On 02/04/2015 12:18 AM, Steven D'Aprano wrote:


Not necessarily. Consider:

class A(object):
     spam = 23
     def __init__(self):
         self.eggs = 42

In this case, the "spam" attribute is on the class, not the instance,
and so it doesn't matter how many A instances you have, there is only
one reference to 23 and a single copy of 23.

The "eggs" attribute is on the instance. That means that each instance
has its own separate reference to 42.



Hmm.. Here are the first few lines of my class:

class Sender(object):
        """
                Redacted
        """

        SENDER_DB = 'sender.db'

        def __init__(self, phone, balance=0.0):
                self.phone = phone
                self.balance = balance

I gave the (bad) examples that way because I thought what mattered is how much data was inside. I put SENDER_DB there because it made sense to put constants way on top, not because I had any idea it'd make the difference you mentioned (class attributes vs instance attributes).

And also because it's a common piece of data to all the methods...(because after I started with each method opening and closing the database, I eliminated the code and made a method that returns a connection and a cursor, and the others just call it when they need to do stuff on the database. I'll ask another question later on how to refine it)

But now that you, Dave, and Peter pointed this out, I'm thinking of putting the methods' constants up there (mainly patterns for regular expressions, and queries (SQL)).

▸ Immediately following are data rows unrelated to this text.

lemma inverse_sum_nonpos_iff:
  fixes a b l :: real
  assumes "a * b * l < 0"
  shows "1 / a + 1 / b + 1 / l \<le> 0 \<longleftrightarrow> 0 \<le> a * l + b * l + a * b"
proof -
  have "a * b * l * (1 / a + 1 / b + 1 / l) = a * l + b * l + a * b"
    using assms by (auto simp: field_simps)
  then show ?thesis
    using assms by (metis mult_le_0_iff not_less order_le_less zero_le_mult_iff)
qed

lemma descent_certificate_of_regime:
  fixes ma mb l c :: real
  assumes l: "0 < l" "ma < l" and m: "0 < ma + mb \<or> (ma = 0 \<and> mb = 0)"
    and regime:
      "(0 \<le> mb \<and> (0 \<le> ma \<or> (ma < 0 \<and> 1 / ma + 1 / mb + 1 / l \<le> 0)) \<and> c = (l + mb) / l\<^sup>2)
     \<or> (- mb < ma \<and> 0 < - mb \<and> c = ((1 / l) * (1 / ma + 1 / mb)) / (1 / ma + 1 / mb - 1 / l))
     \<or> (- ma < mb \<and> 0 < - ma \<and> 0 < 1 / ma + 1 / mb + 1 / l \<and> c = (ma + mb) / ma\<^sup>2)"
  shows "\<exists>t. descent_certificate ma mb l t c"
  using regime
proof (elim disjE[of "_ \<and> _"] conjE)
  assume mb: "0 \<le> mb" and ma: "0 \<le> ma \<or> (ma < 0 \<and> 1 / ma + 1 / mb + 1 / l \<le> 0)"
    and c: "c = (l + mb) / l\<^sup>2"
  have "0 \<le> ma * l + mb * l + ma * mb"
    using ma
  proof (elim disjE conjE)
    assume "0 \<le> ma" then show ?thesis using l mb by simp
  next
    assume "ma < 0" "1 / ma + 1 / mb + 1 / l \<le> 0"
    moreover have "ma * mb * l < 0"
      using \<open>ma < 0\<close> m mb l by (simp add: mult_neg_pos)
    ultimately show ?thesis using inverse_sum_nonpos_iff by blast
  qed
  then show ?thesis using l mb c unfolding descent_certificate_def by blast
next
  assume m': "- mb < ma" "0 < - mb" and c: "c = ((1 / l) * (1 / ma + 1 / mb)) / (1 / ma + 1 / mb - 1 / l)"
  have "c = (ma + mb) / (l * (ma + mb) - ma * mb)"
  proof -
    have "ma \<noteq> 0" "mb \<noteq> 0" "l \<noteq> 0" using m' l by auto
    then have "(1 / l) * (1 / ma + 1 / mb) = (ma + mb) / (ma * mb * l)"
      and "1 / ma + 1 / mb - 1 / l = (l * (ma + mb) - ma * mb) / (ma * mb * l)"
      by (simp_all add: field_simps)
    then show ?thesis using \<open>ma \<noteq> 0\<close> \<open>mb \<noteq> 0\<close> \<open>l \<noteq> 0\<close> by (simp add: c)
  qed
  then show ?thesis using l m' unfolding descent_certificate_def by auto
next
  assume m': "- ma < mb" "0 < - ma" "0 < 1 / ma + 1 / mb + 1 / l" and c: "c = (ma + mb) / ma\<^sup>2"
  have "ma * mb * l < 0"
    using m' l by (simp add: mult_neg_pos)
  then have "ma * mb + (ma + mb) * l < 0"
    using inverse_sum_nonpos_iff[of ma mb l] m' by (simp add: algebra_simps)
  then show ?thesis using l m' c unfolding descent_certificate_def by auto
qed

Does that mean a separate copy of 42? Maybe, maybe not. In general, yes:
if eggs was a mutable object like a list, or a dict, say:

         self.eggs = []

then naturally it would need to be a separate list for each instance.
(If you wanted a single list shared between all instances, put it on the
class.) But with immutable objects like ints, strings and floats, there
is an optimization available to the Python compiler: it could reuse the
same object. There would be a separate reference to that object per
instance, but only one copy of the object itself.

Okay.. I think that even if Python does optimize that, this belongs to the "good practice" category, so it's better that I'm the one who does it instead of relying on what the compiler might do. I'm a beginner(that's the first thing I write that does something useful) and would like to reinforce good habits.


Think of references as being rather like C pointers. References are
cheap, while objects themselves could be arbitrarily large.


That's the analogy I made, but I'm careful with those. I don't want to end up like the "English As She Is Spoke" book..


With current versions of Python, the compiler will intern and re-use
small integers and strings which look like identifiers ("alpha" is an
identifier, "hello world!" is not).

...

In general, Python will share stuff if it can, although maybe not
*everything* it can.

That's interesting. I'll try to read up on this without being sidetracked.



In this case, the Foo and Bar instances both have the same size. They
both have a __dict__, and the Foo instance's __dict__ is empty, while
the Bar instance's __dict__ has 4 items. Print:

print(foo().__dict__)
print(bar().__dict__)

to see the difference. But with only 4 items, Bar's items will fit in
the default sized hash table. No resize will be triggered and the sizes
are the same.

I thought that there was a default size allocated even for an "empty" class (which is correct), and then if I added w, x, y, z, their size would be *added* to the default size (which is incorrect)..

Somehow, I didn't think of the analogy of 8dec being (1000b) (4 bits) and incrementing, it's still 4 bits through 15dec (1111b).

So that's: default class size + data = default class size until it "overflows". (or until 50% of default class size is reached as you mentioned later).

Run this little snippet of code to see what happens:
d = {}
for c in "abcdefghijklm":
     print(len(d), sys.getsizeof(d))
     d[c] = None

For memo:

(0, 136)
(1, 136)
(2, 136)
(3, 136)
(4, 136)
(5, 136)
(6, 520)
(7, 520)
(8, 520)
(9, 520)
(10, 520)
(11, 520)
(12, 520)

Summary questions:

1 - Why are foo's and bar's class sizes the same? (foo's just a nop)

Foo is a class, it certainly isn't a NOP. Just because you haven't given
it state or behaviour doesn't mean it doesn't have any. It has the
default state and behaviour that all classes start off with.

2 - Why are foo() and bar() the same size, even with bar()'s 4 integers?

Because hash tables (dicts) contain empty slots. Once the hash table
reaches 50% full, a resize is triggered.

3 - Why's bar()'s size smaller than the sum of the sizes of 4 integers?

Because sys.getsizeof tells you the size of the object, not the objects
referred to by the object. Here is a recipe for a recursive getsizeof:

http://code.activestate.com/recipes/577504



This is cool. Thanks a lot (and Dave, too) for the great explanations.. I'll post some code about the database stuff in a new thread.